Technology can be a powerful tool in raising money for charities and nonprofits, especially during the holidays.
Through technology, organizations can be held accountable because donors can track how their money is allocated. Nonprofits can also leverage social networks and find creative, easy ways for people to donate money physically, according to Omar Gallaga of the Austin American-Statesman.
For example, the Salvation Army has set up a system where people in Columbus, Ohio, can text the word "kettle" to the organization, and the phone carrier adds $5 to the texter's phone bill.
"It really doesn't get any easier to donate $5 than that," Gallaga tells NPR's Michele Norris.

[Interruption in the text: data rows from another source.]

lemma Sigma_M_hdist_less_infinity:
  fixes M :: "nat \<Rightarrow> 'a::real_normed_vector set"
  assumes "0 < n" "\<And>i. i < n \<Longrightarrow> M i \<noteq> {} \<and> bounded (M i)" "closed (M 0)"
    and "K \<in> Sigma_M M n" "i < n"
  shows "hdist K (M i) < \<infinity>"
proof -
  have M_finite: "hdist (M j) (M i) < \<infinity>" if "j < n" "i < n" for i j
    using assms(2) that by (intro hdist_bounded_less_infinity) auto
  have "M 0 \<in> PfCl M"
    using assms(2,3) M_finite[of 0 0] \<open>0 < n\<close> by (auto simp: PfCl_def)
  then have "S_M M n K \<le> S_M M n (M 0)"
    using assms(4) by (auto simp: Sigma_M_def)
  also have "S_M M n (M 0) < \<infinity>"
    using M_finite[of 0] \<open>0 < n\<close> by (auto simp: S_M_def sum_Pinfty less_top)
  finally have "hdist K (M i) \<noteq> \<infinity>"
    using \<open>i < n\<close> by (auto simp: S_M_def sum_Pinfty)
  then show ?thesis by (simp add: less_top)
qed

lemma exists_PfCl_S_M_less:
  fixes M :: "nat \<Rightarrow> 'a::real_normed_vector set"
  assumes "0 < n" and M: "\<And>i. i < n \<Longrightarrow> M i \<noteq> {} \<and> bounded (M i) \<and> convex (M i)"
    and K: "K \<in> PfCl M"
    and K_finite: "\<And>i. i < n \<Longrightarrow> hdist K (M i) < \<infinity>"
    and M_nearer: "\<And>i. i < n \<Longrightarrow> (SUP x\<in>M i. pt_set_dist x K) < hdist K (M i)"
  obtains Y where "Y \<in> PfCl M" "S_M M n Y < S_M M n K"
proof -
  have K_ne: "K \<noteq> {}" and "closed K" using K by (auto simp: PfCl_def)
  define D where "D i = real_of_ereal (hdist K (M i))" for i
  have D: "hdist K (M i) = ereal (D i)" if "i < n" for i
    using hdist_nonneg[OF K_ne, of "M i"] K_finite[OF that]
    unfolding D_def by (cases "hdist K (M i)") auto
  have "\<exists>r. (SUP x\<in>M i. pt_set_dist x K) < ereal r \<and> r < D i" if "i < n" for i
    using ereal_dense2[OF M_nearer[OF that]] D[OF that] by auto
  then obtain R where R: "\<And>i. i < n \<Longrightarrow> (SUP x\<in>M i. pt_set_dist x K) < ereal (R i) \<and> R i < D i"
    by metis
  have K_near: "infdist k (M i) \<le> D i" if "i < n" "k \<in> K" for i k
    using hdist_le_iff[OF K_ne, of "M i" "D i"] D M that by auto
  have M_near: "infdist x K \<le> R i" if "i < n" "x \<in> M i" for i x
    using SUP_pt_set_dist_le_iff[OF K_ne, of "M i" "R i"] R[of i] that by (auto simp: less_imp_le)
  have "bounded K"
    using M[OF \<open>0 < n\<close>] K_near[OF \<open>0 < n\<close>] by (intro bounded_if_infdist_le[of "M 0" K "D 0"]) auto
  then obtain Y s where Y: "Y \<noteq> {}" "closed Y" "0 < s"
    and "\<And>i y. i < n \<Longrightarrow> y \<in> Y \<Longrightarrow> infdist y (M i) \<le> D i - s"
    and "\<And>i x. i < n \<Longrightarrow> x \<in> M i \<Longrightarrow> infdist x Y \<le> D i - s"
    using homothetic_image_closer[of n M K D R, OF \<open>0 < n\<close> _ K_ne \<open>closed K\<close> _ K_near M_near] M R
    by blast
  then have Y_near: "hdist Y (M i) \<le> ereal (D i - s)" if "i < n" for i
    using hdist_le_iff[OF \<open>Y \<noteq> {}\<close>, of "M i"] M[OF that] that by auto
  have "Y \<in> PfCl M"
    using Y Y_near[OF \<open>0 < n\<close>] by (auto simp: PfCl_def intro: le_less_trans)
  moreover have "S_M M n Y < S_M M n K"
  proof -
    have "S_M M n Y \<le> (\<Sum>i<n. ereal (D i - s))" unfolding S_M_def by (intro sum_mono Y_near) auto
    also have "\<dots> < (\<Sum>i<n. ereal (D i))" using \<open>0 < n\<close> \<open>0 < s\<close> by (simp add: sum_subtractf)
    also have "\<dots> = S_M M n K" by (simp add: S_M_def D)
    finally show ?thesis .
  qed
  ultimately show ?thesis by (rule that)
qed
text \<open>Discrete Leibniz rule: \<open>\<Delta>(fg) = \<Delta>f \<cdot> g(\<cdot> + L) + f \<cdot> \<Delta>g\<close>.\<close>

lemma weighted_deg_le_mult:
  "weighted_deg_le d1 f \<Longrightarrow> weighted_deg_le d2 g \<Longrightarrow> weighted_deg_le (d1 + d2) (\<lambda>X. f X * g X)"
proof (induction "d1 + d2" arbitrary: d1 d2 f g rule: less_induct)
  case less
  show ?case
  proof (rule weighted_deg_leI)
    fix L assume L: "1 \<le> L" "L \<le> d1 + d2"
    have left: "weighted_deg_le (d1 + d2 - L) (\<lambda>X. (f (add_cycle L X) - f X) * g (add_cycle L X))"
    proof (cases "L \<le> d1")
      case True
      then have "weighted_deg_le (d1 - L + d2) (\<lambda>X. (f (add_cycle L X) - f X) * g (add_cycle L X))"
        using L less.prems
        by (intro less.hyps weighted_deg_le_diff weighted_deg_le_add_cycle) auto
      then show ?thesis using True by (simp add: add.commute add_diff_assoc2)
    next
      case False
      then show ?thesis
        by (intro weighted_deg_le_zero) (simp add: weighted_deg_le_invariant[OF less.prems(1)])
    qed
    have right: "weighted_deg_le (d1 + d2 - L) (\<lambda>X. f X * (g (add_cycle L X) - g X))"
    proof (cases "L \<le> d2")
      case True
      then have "weighted_deg_le (d1 + (d2 - L)) (\<lambda>X. f X * (g (add_cycle L X) - g X))"
        using L less.prems by (intro less.hyps weighted_deg_le_diff) auto
      then show ?thesis using True by simp
    next
      case False
      then show ?thesis
        by (intro weighted_deg_le_zero) (simp add: weighted_deg_le_invariant[OF less.prems(2)])
    qed
    show "weighted_deg_le (d1 + d2 - L) (\<lambda>X. f (add_cycle L X) * g (add_cycle L X) - f X * g X)"
      using weighted_deg_le_add[OF left right] by (simp add: algebra_simps)
  qed (simp add: weighted_deg_le_invariant[OF less.prems(1)] weighted_deg_le_invariant[OF less.prems(2)])
qed

lemma weighted_deg_le_var: "1 \<le> k \<Longrightarrow> weighted_deg_le k (\<lambda>X. of_nat (X k))"
proof (rule weighted_deg_leI)
  fix L assume "1 \<le> L" "L \<le> k"
  show "weighted_deg_le (k - L) (\<lambda>X. of_nat (add_cycle L X k) - of_nat (X k))"
    by (cases "L = k") (auto simp: add_cycle_def weighted_deg_le_const intro: weighted_deg_le_zero)
qed (simp add: add_cycle_def)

Although there's the impression that it can be less personal to give online, Gallaga says he found the opposite to be true when he gave money to DonorsChoose.org, a company that connects students and teachers to people who would like to donate. Gallaga says he got an e-mail from a teacher thanking him and telling him that the money was being used to buy AV equipment at a low-income school in Wisconsin.
"It made me feel more connected to that charity, and it made me feel like I had helped some people," he says.
From the nonprofits' point of view, in order to convey the organization's passion for a cause, charities like the American Cancer Society are posting peoples' stories through photos and videos. The American Cancer Society's site is called sharinghope.tv.
In that situation, "you don't see a huge 'donate' button right in front of you. Instead, you're seeing people tell their stories — and it helps put a face on the organization," Gallaga says.
For the holidays, one gift option is a tax deductible gift card through Charity Choice — or a "new spin on a very traditional gift." The card allows people to go online and choose the charity they would like to receive the funds.